subsection \<open>Symmetry of a coordinate under negation\<close>

lemma distr_std_gauss_uminus: "distr std_gauss std_gauss uminus = std_gauss"
proof -
  have "std_gauss = density (distr lborel borel uminus) std_normal_density"
    by (simp add: std_gauss_def lborel_distr_uminus)
  also have "\<dots> = distr (density lborel (\<lambda>x. std_normal_density (- x))) borel uminus"
    by (rule density_distr) auto
  also have "(\<lambda>x::real. std_normal_density (- x)) = std_normal_density"
    by (simp add: fun_eq_iff normal_density_def)
  finally have "std_gauss = distr std_gauss borel uminus"
    by (simp add: std_gauss_def)
  also have "\<dots> = distr std_gauss std_gauss uminus"
    by (intro distr_cong) auto
  finally show ?thesis ..
qed

lemma distr_rademacher_uminus: "distr rademacher rademacher uminus = rademacher"
proof -
  have "map_pmf uminus (pmf_of_set {-1, 1::real}) = pmf_of_set {-1, 1}"
    by (subst map_pmf_of_set_inj) (auto simp: inj_on_def insert_commute)
  then have "distr rademacher (count_space UNIV) uminus = rademacher"
    unfolding rademacher_def by (metis map_pmf_rep_eq)
  moreover have "distr rademacher (count_space UNIV) uminus = distr rademacher rademacher uminus"
    by (intro distr_cong) auto
  ultimately show ?thesis
    by simp
qed

definition coord_neg :: "real \<times> real \<times> real \<Rightarrow> real \<times> real \<times> real" where
  "coord_neg p = (- fst p, - fst (snd p), - snd (snd p))"

lemma measurable_coord_neg [measurable]: "coord_neg \<in> measurable coord_measure coord_measure"
proof -
  have [measurable]: "(\<lambda>p::real \<times> real \<times> real. - snd (snd p))
      \<in> measurable (borel \<Otimes>\<^sub>M (borel \<Otimes>\<^sub>M count_space UNIV)) (count_space UNIV)"
    by (rule measurable_compose[OF measurable_compose[OF measurable_snd measurable_snd]
          measurable_count_space])
  show ?thesis
    unfolding coord_neg_def by measurable
qed

lemma distr_coord_measure_neg: "distr coord_measure coord_measure coord_neg = coord_measure"
proof -
  let ?GR = "std_gauss \<Otimes>\<^sub>M rademacher" and ?neg2 = "\<lambda>(x::real, y::real). (- x, - y)"
  have "(\<lambda>p::real \<times> real. - snd p) \<in> measurable ?GR (count_space UNIV)"
    by (rule measurable_compose[OF measurable_snd]) (simp add: rademacher_def)
  then have "(\<lambda>p::real \<times> real. - snd p) \<in> measurable ?GR rademacher"
    by (simp cong: measurable_cong_sets)
  then have neg2: "?neg2 \<in> measurable ?GR ?GR"
    by (simp add: split_beta')
  have GR_prob: "prob_space ?GR"
    by (intro prob_space_pair prob_space_std_gauss prob_space_rademacher)
  have "distr ?GR ?GR ?neg2 = distr std_gauss std_gauss uminus \<Otimes>\<^sub>M distr rademacher rademacher uminus"
    by (rule pair_measure_distr[symmetric])
      (auto simp: distr_rademacher_uminus intro: prob_space_imp_sigma_finite prob_space_rademacher)
  then have GR: "distr ?GR ?GR ?neg2 = ?GR"
    by (simp only: distr_std_gauss_uminus distr_rademacher_uminus)
  have neg: "(\<lambda>(x, y). (- x, ?neg2 y)) = coord_neg"
    by (auto simp: coord_neg_def fun_eq_iff split: prod.splits)
  have "distr coord_measure coord_measure coord_neg
      = distr std_gauss std_gauss uminus \<Otimes>\<^sub>M distr ?GR ?GR ?neg2"
    unfolding coord_measure_def neg[symmetric]
  proof (rule pair_measure_distr[symmetric, OF _ neg2])
    show "uminus \<in> measurable std_gauss std_gauss"
      by simp
    show "sigma_finite_measure (distr ?GR ?GR ?neg2)"
      unfolding GR by (rule prob_space_imp_sigma_finite[OF GR_prob])
  qed
  also have "\<dots> = coord_measure"
    unfolding coord_measure_def by (simp only: distr_std_gauss_uminus GR)
  finally show ?thesis .
qed

lemma integral_coord_neg:
  assumes [measurable]: "f \<in> borel_measurable coord_measure"
  shows "(\<integral>p. f (coord_neg p) \<partial>coord_measure) = (integral\<^sup>L coord_measure f :: real)"
  using integral_distr[of coord_neg coord_measure coord_measure f]
  by (simp add: distr_coord_measure_neg)

subsection \<open>Votes of a single coordinate\<close>

text \<open>
  A coordinate \<open>p = (X\<^sub>i, w\<^sub>i, \<sigma>\<^sub>i)\<close> with \<open>y\<^sub>i = X\<^sub>i \<beta> + e\<close> is selected iff \<open>|X'\<^sub>i| \<ge> 1/2\<close>,
  and \<open>ratio \<beta> e p\<close> is the ratio \<open>y'\<^sub>i / X'\<^sub>i\<close> that enters the median.
\<close>

definition selected :: "real \<times> real \<times> real \<Rightarrow> bool" where
  "selected p \<longleftrightarrow> 1/2 \<le> \<bar>snd (snd p) * fst p\<bar>"

definition ratio :: "real \<Rightarrow> real \<Rightarrow> real \<times> real \<times> real \<Rightarrow> real" where
  "ratio \<beta> e p = (snd (snd p) * (fst p * \<beta> + e) + fst (snd p)) / (snd (snd p) * fst p)"

definition vote :: "(real \<Rightarrow> bool) \<Rightarrow> real \<Rightarrow> real \<Rightarrow> real \<times> real \<times> real \<Rightarrow> real" where
  "vote P \<beta> e p = (if selected p then if P (ratio \<beta> e p) then 1 else -1 else 0)"

lemma measurable_selected [measurable]: "Measurable.pred coord_measure selected"
  unfolding selected_def by measurable

lemma measurable_ratio [measurable]: "ratio \<beta> e \<in> borel_measurable coord_measure"
  unfolding ratio_def by measurable

lemma measurable_vote [measurable]:
  assumes [measurable]: "Measurable.pred borel P"
  shows "vote P \<beta> e \<in> borel_measurable coord_measure"
  unfolding vote_def by measurable

lemma abs_vote_le: "\<bar>vote P \<beta> e p\<bar> \<le> 1"
  by (simp add: vote_def)

lemma integrable_vote:
  assumes "Measurable.pred borel P"
  shows "integrable coord_measure (vote P \<beta> e)"
  using assms by (intro coord.integrable_const_bound[where B = 1]) (auto simp: abs_vote_le)

lemma vote_not: "vote (\<lambda>v. \<not> P v) \<beta> e p = - vote P \<beta> e p"
  by (simp add: vote_def)

lemma selected_coord_neg [simp]: "selected (coord_neg p) \<longleftrightarrow> selected p"
  by (simp add: selected_def coord_neg_def)

lemma ratio_coord_neg:
  assumes "selected p"
  shows "ratio \<beta> e (coord_neg p) = 2 * \<beta> - ratio \<beta> e p"
proof -
  have "snd (snd p) * fst p \<noteq> 0"
    using assms by (auto simp: selected_def)
  then show ?thesis
    by (simp add: ratio_def coord_neg_def field_simps)
qed

text \<open>On this set the ratio is within \<open>t\<close> of \<open>\<beta>\<close>, and so is the ratio of the negated coordinate.\<close>

definition window :: "real \<Rightarrow> real \<Rightarrow> (real \<times> real \<times> real) set" where
  "window e t = {x. 1/2 \<le> \<bar>x\<bar>} \<times> ({- e - t/2 .. - e + t/2} \<times> {1})"

lemma vote_add_vote_coord_neg_ge:
  assumes sym: "\<And>v. P v \<or> P (2 * \<beta> - v)" and near: "\<And>v. \<bar>v - \<beta>\<bar> \<le> t \<Longrightarrow> P v"
    and "0 \<le> t"
  shows "2 * indicator (window e t) p \<le> vote P \<beta> e p + vote P \<beta> e (coord_neg p)"
proof (cases "p \<in> window e t")
  case True
  then obtain x w where p: "p = (x, w, 1)" and x: "1/2 \<le> \<bar>x\<bar>"
    and w_lower: "- e - t/2 \<le> w" and w_upper: "w \<le> - e + t/2"
    by (auto simp: window_def)
  have w: "\<bar>e + w\<bar> \<le> t/2"
    using w_lower w_upper by linarith
  have "\<bar>(e + w) / x\<bar> = \<bar>e + w\<bar> / \<bar>x\<bar>"
    by (simp add: abs_divide)
  also have "\<dots> \<le> (t/2) / (1/2)"
    using w x \<open>0 \<le> t\<close> by (intro frac_le) auto
  finally have "\<bar>(e + w) / x\<bar> \<le> t"
    by simp
  moreover have "ratio \<beta> e p = \<beta> + (e + w) / x"
    using x by (auto simp: p ratio_def field_simps)
  ultimately have "P (ratio \<beta> e p)" "P (2 * \<beta> - ratio \<beta> e p)"
    by (auto intro!: near)
  moreover have "selected p"
    using x by (simp add: p selected_def)
  ultimately show ?thesis
    using True by (simp add: vote_def ratio_coord_neg)
next
  case False
  then show ?thesis
    using sym[of "ratio \<beta> e p"] by (auto simp: vote_def ratio_coord_neg)
qed

lemma integral_vote_ge_window:
  assumes [measurable]: "Measurable.pred borel P"
    and "\<And>v. P v \<or> P (2 * \<beta> - v)" "\<And>v. \<bar>v - \<beta>\<bar> \<le> t \<Longrightarrow> P v" "0 \<le> t"
  shows "measure coord_measure (window e t) \<le> integral\<^sup>L coord_measure (vote P \<beta> e)"
proof -
  have window_sets: "window e t \<in> sets coord_measure"
    unfolding coord_measure_def window_def by (intro pair_measureI) auto
  have "2 * measure coord_measure (window e t) = (\<integral>p. 2 * indicator (window e t) p \<partial>coord_measure)"
    using window_sets by simp
  also have "\<dots> \<le> (\<integral>p. vote P \<beta> e p + vote P \<beta> e (coord_neg p) \<partial>coord_measure)"
    using window_sets assms
    by (intro integral_mono vote_add_vote_coord_neg_ge integrable_vote Bochner_Integration.integrable_add
          integrable_mult_right integrable_real_indicator coord.integrable_const_bound[where B = 1])
      (auto simp: abs_vote_le coord.emeasure_eq_measure)
  also have "\<dots> = 2 * integral\<^sup>L coord_measure (vote P \<beta> e)"
    by (subst Bochner_Integration.integral_add)
      (auto intro!: integrable_vote coord.integrable_const_bound[where B = 1]
        simp: abs_vote_le integral_coord_neg)
  finally show ?thesis
    by simp
qed

lemma std_normal_density_mono:
  assumes "\<bar>x\<bar> \<le> r"
  shows "std_normal_density r \<le> std_normal_density x"
proof -
  have "x\<^sup>2 \<le> r\<^sup>2"
    using power_mono[OF assms, of 2] by simp
  then show ?thesis
    by (simp add: std_normal_density_def divide_right_mono)
qed

lemma measure_std_gauss_Icc_ge:
  assumes "- r \<le> a" "a \<le> b" "b \<le> r"
  shows "std_normal_density r * (b - a) \<le> measure std_gauss {a..b}"
proof -
  have "ennreal (std_normal_density r * (b - a))
      = (\<integral>\<^sup>+x. ennreal (std_normal_density r) * indicator {a..b} x \<partial>lborel)"
    using assms by (simp add: nn_integral_cmult_indicator ennreal_mult)
  also have "\<dots> \<le> (\<integral>\<^sup>+x. ennreal (std_normal_density x) * indicator {a..b} x \<partial>lborel)"
    using assms by (intro nn_integral_mono) (auto intro!: ennreal_leI std_normal_density_mono
        split: split_indicator)
  also have "\<dots> = emeasure std_gauss {a..b}"
    unfolding std_gauss_def by (subst emeasure_density) auto
  finally show ?thesis
    by (simp add: gauss.emeasure_eq_measure ennreal_le_iff)
qed

lemma measure_window_ge:
  assumes "\<bar>e\<bar> \<le> 1" "0 \<le> t" "t \<le> 2"
  shows "std_normal_density 2 ^ 2 * t / 4 \<le> measure coord_measure (window e t)"
proof -
  let ?A = "{x::real. 1/2 \<le> \<bar>x\<bar>}" and ?B = "{- e - t/2 .. - e + t/2}"
  have A_sets: "?A \<in> sets borel"
    by measurable
  have measure_rademacher_1: "measure rademacher {1} = 1/2"
    unfolding rademacher_def by (simp add: measure_pmf_of_set)
  have A_ge: "std_normal_density 2 / 2 \<le> measure std_gauss ?A"
  proof -
    have "std_normal_density 2 * (1 - 1/2) \<le> measure std_gauss {1/2..1::real}"
      by (rule measure_std_gauss_Icc_ge) auto
    also have "\<dots> \<le> measure std_gauss ?A"
      using A_sets by (intro gauss.finite_measure_mono) auto
    finally show ?thesis
      by simp
  qed
  have B_ge: "std_normal_density 2 * t \<le> measure std_gauss ?B"
    using measure_std_gauss_Icc_ge[of 2 "- e - t/2" "- e + t/2"] assms by auto
  have "std_normal_density 2 ^ 2 * t / 4
      = (std_normal_density 2 / 2) * (std_normal_density 2 * t * (1/2))"
    by (simp add: power2_eq_square)
  also have "\<dots> \<le> measure std_gauss ?A * (measure std_gauss ?B * (1/2))"
    using A_ge B_ge \<open>0 \<le> t\<close> by (intro mult_mono) (auto simp: normal_density_pos less_imp_le)
  also have "\<dots> = measure coord_measure (window e t)"
    unfolding coord_measure_def window_def using A_sets
    by (simp add: measure_pair_measure_Times prob_space_std_gauss prob_space_rademacher
        prob_space_pair pair_measureI measure_rademacher_1)
  finally show ?thesis .
qed

subsection \<open>Sums of independent coordinates\<close>

lemma indep_vars_components:
  assumes "n > 0"
  shows "prob_space.indep_vars (sample_space n) (\<lambda>_. coord_measure) (\<lambda>i \<omega>. \<omega> i) {..<n}"
proof -
  interpret S: prob_space "sample_space n"
    by (rule prob_space_sample_space)
  have "distr (sample_space n) (\<Pi>\<^sub>M i\<in>{..<n}. coord_measure) (\<lambda>x. \<lambda>i\<in>{..<n}. x i)
      = distr (sample_space n) (sample_space n) (\<lambda>x. x)"
    by (intro distr_cong) (auto simp: sample_space_def space_PiM PiE_def extensional_def fun_eq_iff)
  also have "\<dots> = (\<Pi>\<^sub>M i\<in>{..<n}. distr (sample_space n) coord_measure (\<lambda>\<omega>. \<omega> i))"
    unfolding distr_id sample_space_def
    by (intro PiM_cong refl distr_PiM_component[symmetric] prob_space_coord_measure) auto
  finally show ?thesis
    using assms by (subst S.indep_vars_iff_distr_eq_PiM') (auto simp: sample_space_def)
qed

lemma integral_component:
  assumes "i < n" and [measurable]: "f \<in> borel_measurable coord_measure"
  shows "(\<integral>\<omega>. f (\<omega> i) \<partial>sample_space n) = (integral\<^sup>L coord_measure f :: real)"
proof -
  have [measurable]: "(\<lambda>\<omega>. \<omega> i) \<in> measurable (sample_space n) coord_measure"
    unfolding sample_space_def using assms(1) by (intro measurable_component_singleton) auto
  have "distr (sample_space n) coord_measure (\<lambda>\<omega>. \<omega> i) = coord_measure"
    unfolding sample_space_def using assms(1) by (intro distr_PiM_component prob_space_coord_measure) auto
  then show ?thesis
    using integral_distr[of "\<lambda>\<omega>. \<omega> i" "sample_space n" coord_measure f] by simp
qed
-- -- --
Your instructions :: Return the lines exactly as they stand, please. Start at the top of the material and finish with the line where "by (simp add: std_gauss_def lborel_distr_uminus)" appears.

Reply ::
subsection \<open>Symmetry of a coordinate under negation\<close>

lemma distr_std_gauss_uminus: "distr std_gauss std_gauss uminus = std_gauss"
proof -
  have "std_gauss = density (distr lborel borel uminus) std_normal_density"
    by (simp add: std_gauss_def lborel_distr_uminus)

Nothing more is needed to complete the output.